Aaron Sherman wrote:

I certainly hope not, as I agree with you! That's not the goal at all,
and in fact if that were a side effect, I would not want this to be
implemented. The idea of having types AT ALL for protos was something
that I threw in because it seemed to make sense at the end. The really
interesting thing is to match signature shapes, not types. That is, max
doesn't take two positional arguments, and a max that does is probably
doing something that users of max will be shocked by. To this end, a
programmer of a library *can* issue an assertion: all implementations of
max will take one (no type specified) positional parameter and any
number of adverbial named parameters (again, no type specified).


What bugs me is a possible duplication of functionality.

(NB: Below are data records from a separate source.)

lemma measure_subcolumn_trace_le: "measure lebesgue (subcolumn_trace n N a) \<le> real (h n) * w n / real (r N)"
proof -
  let ?J = "{J. J < h N \<and> lv N J \<subseteq> column n}"
  have fin: "finite ?J" by auto
  have "real (card ?J) * w N = (\<Sum>J\<in>?J. measure lebesgue (lv N J))" by (simp add: measure_level)
  also have "\<dots> = measure lebesgue (\<Union>J\<in>?J. lv N J)"
    using fin by (intro measure_UNION'[symmetric])
      (auto simp: fmeasurable_def emeasure_level pairwise_def disjnt_def level_disjoint)
  also have "\<dots> \<le> measure lebesgue (column n)"
    by (intro measure_mono_fmeasurable) auto
  also have "\<dots> \<le> real (h n) * w n" by (rule measure_column_le)
  finally have card: "real (card ?J) * w N \<le> real (h n) * w n" .
  have "measure lebesgue (subcolumn_trace n N a) \<le> (\<Sum>J\<in>?J. measure lebesgue (lv (Suc N) (off N a + J)))"
    unfolding subcolumn_trace_def using fin by (intro measure_UNION_le) auto
  also have "\<dots> = real (card ?J) * w N / real (r N)" by (simp add: measure_level width_Suc)
  also have "\<dots> \<le> real (h n) * w n / real (r N)" using card by (simp add: divide_right_mono)
  finally show ?thesis .
qed

lemma measure_column_return_le:
  assumes k: "h (Suc n) \<le> k" and fin: "finite (return_pairs n k)"
  shows "measure lebesgue (column n \<inter> (T ^^ k) ` column n)
    \<le> (\<Sum>(N, a)\<in>return_pairs n k. real (h n) * w n / real (r N))"
proof -
  define E where "E = (\<Union>p\<in>return_pairs n k. subcolumn_trace n (fst p) (snd p))"
  have "subcolumn_trace n N a \<subseteq> column n" if "(N, a) \<in> return_pairs n k" for N a
    using that subcolumn_trace_subset[of a N n] unfolding return_pairs_def by auto
  then have "E \<subseteq> column n" unfolding E_def by force
  moreover have "E \<in> sets lebesgue" unfolding E_def using fin by auto
  ultimately have E: "E \<in> lmeasurable" "E \<subseteq> X"
    using fmeasurableI2[OF column_lmeasurable] column_subset_X by blast+
  have "column n \<inter> (T ^^ k) ` column n \<subseteq> (T ^^ k) ` E"
  proof
    fix y assume "y \<in> column n \<inter> (T ^^ k) ` column n"
    then obtain x where x: "x \<in> column n" "(T ^^ k) x \<in> column n" "y = (T ^^ k) x" by blast
    then obtain N a where "(N, a) \<in> return_pairs n k" "x \<in> subcolumn_trace n N a"
      using return_decomposition[OF x(1,2) k] by blast
    then have "x \<in> E" unfolding E_def by force
    then show "y \<in> (T ^^ k) ` E" using x(3) by blast
  qed
  then have "measure lebesgue (column n \<inter> (T ^^ k) ` column n) \<le> measure lebesgue ((T ^^ k) ` E)"
    using funpow_T_image_lmeasurable(1)[OF E] column_return_lmeasurable[of n k]
    by (intro measure_mono_fmeasurable) auto
  also have "\<dots> \<le> measure lebesgue E" using funpow_T_image_lmeasurable(2)[OF E] .
  also have "\<dots> \<le> (\<Sum>p\<in>return_pairs n k. measure lebesgue (subcolumn_trace n (fst p) (snd p)))"
    unfolding E_def using fin by (intro measure_UNION_le) auto
  also have "\<dots> \<le> (\<Sum>(N, a)\<in>return_pairs n k. real (h n) * w n / real (r N))"
    using measure_subcolumn_trace_le by (intro sum_mono) (auto simp: split_beta)
  finally show ?thesis .
qed

end

section \<open>The example\<close>

lemma power_diff_power_inj:
  fixes b :: nat
  assumes b: "2 \<le> b" and u: "u < u'" and v: "v < v'" and eq: "b ^ u' - b ^ u = b ^ v' - b ^ v"
  shows "u = v"
proof -
  have not_less: "\<not> x < y" if "x < x'" "y < y'" "b ^ x' - b ^ x = b ^ y' - b ^ y" for x x' y y'
  proof
    assume xy: "x < y"
    have "b ^ x * (b ^ (x' - x) - 1) = b ^ x * (b ^ (y - x) * (b ^ (y' - y) - 1))"
      using that xy by (simp add: diff_mult_distrib2 mult.assoc flip: power_add)
    then have "b ^ (x' - x) - 1 = b ^ (y - x) * (b ^ (y' - y) - 1)" using b by simp
    then have "b dvd b ^ (x' - x) - 1" using xy by (simp add: dvd_power dvd_mult2)
    moreover have "b dvd b ^ (x' - x)" using that(1) by (simp add: dvd_power)
    moreover have "1 \<le> b ^ (x' - x)" using b by simp
    ultimately have "b dvd 1" by (metis dvd_diff_nat diff_diff_cancel)
    with b show False by simp
  qed
  show ?thesis using not_less[OF u v eq] not_less[OF v u eq[symmetric]] by simp
qed

definition triangular :: "nat \<Rightarrow> nat" where
  "triangular N = N * (N + 1) div 2"

definition ceil_sqrt :: "nat \<Rightarrow> nat" where
  "ceil_sqrt N = nat \<lceil>sqrt (real N)\<rceil>"

lemma triangular_Suc: "triangular (Suc N) = triangular N + Suc N"
  unfolding triangular_def by simp

lemma triangular_mono: "N \<le> M \<Longrightarrow> triangular N \<le> triangular M"
  unfolding triangular_def by (intro div_le_mono mult_le_mono) auto

lemma self_le_triangular: "N \<le> triangular N"
  unfolding triangular_def by (cases N) auto

lemma self_less_pow5: "N < 5 ^ N"
  using less_exp[of N] power_mono[of "2::nat" 5 N] by linarith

I believe that declarative requirements should go on roles. And then packages could do them, like this:

package Foo does FooMultiPrototypes {
...
}

Of course, I hadn't quite thought this through - as packages aren't classes, there would probably have to be heavy constraints on what FooMultiPrototypes may declare.

This would also allow you to reuse multi prototype sets.

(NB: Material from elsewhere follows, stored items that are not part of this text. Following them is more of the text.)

lemma ex_MMD: "\<exists>u v. MMD V E u v"
proof -
  obtain a where "a \<in> V" using V_nonempty by blast
  then obtain p where p: "p \<in> V \<times> V"
    and pmax: "\<forall>p'\<in>V \<times> V. case_prod (gdist E) p' \<le> case_prod (gdist E) p"
    using finite_has_max_nat[of "V \<times> V" "(a, a)" "case_prod (gdist E)"] finite_V by blast
  then obtain u v where uv: "p = (u, v)" "u \<in> V" "v \<in> V" by blast
  have far: "gdist E x y \<le> gdist E u v" if "x \<in> V" "y \<in> V" for x y
    using pmax that uv(1) by auto
  have "MMD V E u v"
    unfolding MMD_def max_distant_def
    using far uv(2,3) gdist_sym[OF uv(2,3)] by (auto dest: edge_in_V)
  then show ?thesis by blast
qed

end

section \<open>Maker-Breaker games\<close>

lemma breaker_wins_not_won:
  assumes "mono W"
  shows "breaker_wins_M V W M B \<Longrightarrow> \<not> W M"
    and "breaker_wins_B V W M B \<Longrightarrow> \<not> W M"
proof (induction rule: breaker_wins_M_breaker_wins_B.inducts)
  case (bwM_move M B)
  then obtain v where "\<not> W (insert v M)" by blast
  with \<open>mono W\<close> show ?case by (metis monoD le_boolD subset_insertI)
qed

lemma maker_breaker_wins_exclusive:
  assumes "mono W"
  shows "maker_wins_M V W M B \<Longrightarrow> \<not> breaker_wins_M V W M B"
    and "maker_wins_B V W M B \<Longrightarrow> \<not> breaker_wins_B V W M B"
proof (induction rule: maker_wins_M_maker_wins_B.inducts)
  case (mwM_won M B)
  show ?case
  proof
    assume "breaker_wins_M V W M B"
    then have "\<not> W M" by (rule breaker_wins_not_won(1)[OF \<open>mono W\<close>])
    then show False using mwM_won by contradiction
  qed
next
  case (mwB_won M B)
  show ?case
  proof
    assume "breaker_wins_B V W M B"
    then have "\<not> W M" by (rule breaker_wins_not_won(2)[OF \<open>mono W\<close>])
    then show False using mwB_won by contradiction
  qed
next
  case (mwM_move v M B)
  show ?case
  proof
    assume "breaker_wins_M V W M B"
    then show False
      by cases (use mwM_move in auto)
  qed
next
  case (mwB_move M B)
  show ?case
  proof
    assume "breaker_wins_B V W M B"
    then show False
      by cases (use mwB_move in auto)
  qed
qed

lemma card_free_insert_less:
  assumes "finite V" and "u \<in> V - M - B"
  shows "card (V - insert u M - B) < card (V - M - B)"
    and "card (V - M - insert u B) < card (V - M - B)"
  using assms by (intro psubset_card_mono; auto)+

lemma breaker_wins_if_blocked:
  assumes fin: "finite V"
  shows "\<forall>M'. M' \<inter> B = {} \<longrightarrow> \<not> W M' \<Longrightarrow> M \<inter> B = {} \<Longrightarrow>
    breaker_wins_M V W M B \<and> breaker_wins_B V W M B"
proof (induction "card (V - M - B)" arbitrary: M B rule: less_induct)
  case less
  show ?case
  proof (cases "V - M - B = {}")
    case True
    with less.prems show ?thesis by (auto intro: bwM_end bwB_end)
  next
    case False
    then obtain v where v: "v \<in> V - M - B" by blast
    have "breaker_wins_B V W (insert u M) B" if "u \<in> V - M - B" for u
      using less.hyps[OF card_free_insert_less(1)[OF fin that]] less.prems that by blast
    moreover have "breaker_wins_M V W M (insert v B)"
      using less.hyps[OF card_free_insert_less(2)[OF fin v]] less.prems v by blast
    ultimately show ?thesis using False v by (blast intro: bwM_move bwB_move)
  qed
qed

lemma breaker_wins_B_cherry:
  assumes fin: "finite V"
    and cherry: "\<forall>M'. W M' \<longrightarrow> c \<in> M' \<or> (l\<^sub>1 \<in> M' \<and> l\<^sub>2 \<in> M')"
    and free: "c \<in> V - M - B" "l\<^sub>1 \<in> V - M - B" "l\<^sub>2 \<in> V - M - B"
    and distinct: "c \<noteq> l\<^sub>1" "c \<noteq> l\<^sub>2" "l\<^sub>1 \<noteq> l\<^sub>2"
    and disjoint: "M \<inter> B = {}"
  shows "breaker_wins_B V W M B"
proof (rule bwB_move[OF free(1)], rule bwM_move)
  show "V - M - insert c B \<noteq> {}" using free distinct by blast
  show "\<forall>m\<in>V - M - insert c B. breaker_wins_B V W (insert m M) (insert c B)"
  proof
    fix m assume m: "m \<in> V - M - insert c B"
    \<comment> \<open>Breaker takes a leaf that Maker did not just take\<close>
    obtain l where l: "l \<in> {l\<^sub>1, l\<^sub>2}" "l \<noteq> m" using distinct(3) by blast
    have blocked: "\<forall>M'. M' \<inter> insert l (insert c B) = {} \<longrightarrow> \<not> W M'"
      using cherry l by blast
    have "insert m M \<inter> insert l (insert c B) = {}" using m l free disjoint by auto
    then have "breaker_wins_M V W (insert m M) (insert l (insert c B))"
      using breaker_wins_if_blocked[OF fin blocked] by blast
    moreover have "l \<in> V - insert m M - insert c B" using l m free distinct by auto
    ultimately show "breaker_wins_B V W (insert m M) (insert c B)"
      by (intro bwB_move)
  qed
qed

lemma breaker_wins_two_cherries:
  assumes fin: "finite V"
    and cherry: "\<forall>M. W M \<longrightarrow> c \<in> M \<or> (l\<^sub>1 \<in> M \<and> l\<^sub>2 \<in> M)"
    and cherry': "\<forall>M. W M \<longrightarrow> c' \<in> M \<or> (l\<^sub>1' \<in> M \<and> l\<^sub>2' \<in> M)"
    and in_V: "{c, l\<^sub>1, l\<^sub>2, c', l\<^sub>1', l\<^sub>2'} \<subseteq> V"
    and distinct: "c \<noteq> l\<^sub>1" "c \<noteq> l\<^sub>2" "l\<^sub>1 \<noteq> l\<^sub>2"
      "c' \<noteq> l\<^sub>1'" "c' \<noteq> l\<^sub>2'" "l\<^sub>1' \<noteq> l\<^sub>2'"
    and disjoint: "{c, l\<^sub>1, l\<^sub>2} \<inter> {c', l\<^sub>1', l\<^sub>2'} = {}"
  shows "breaker_wins_M V W {} {} \<and> breaker_wins_B V W {} {}"
proof
  show "breaker_wins_B V W {} {}"
    using breaker_wins_B_cherry[OF fin cherry] in_V distinct by simp
  have "breaker_wins_B V W {m} {}" if "m \<in> V" for m
  proof (cases "m \<in> {c, l\<^sub>1, l\<^sub>2}")
    case True
    with disjoint have "m \<notin> {c', l\<^sub>1', l\<^sub>2'}" by blast
    then show ?thesis
      by (intro breaker_wins_B_cherry[OF fin cherry']) (use that in_V distinct in auto)
  next
    case False
    then show ?thesis
      by (intro breaker_wins_B_cherry[OF fin cherry]) (use that in_V distinct in auto)
  qed
  then show "breaker_wins_M V W {} {}"
    using in_V by (auto intro!: bwM_move)
qed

Also, I don't think you answered Trey's concern, that your mechanism allows you to declare what classes may export but not what they *have* to export, which I would also view as more important - your mechanism seems to only serve to ban extensions and convenience methods, but doesn't give any extra promises on the class behaviour. To extend your example, if a library developer provides a three-argument max, it won't get in the way and won't break any existing contracts. But if the same developer doesn't also provide 2-argument max on that same class, it may very well break any code that works with that class.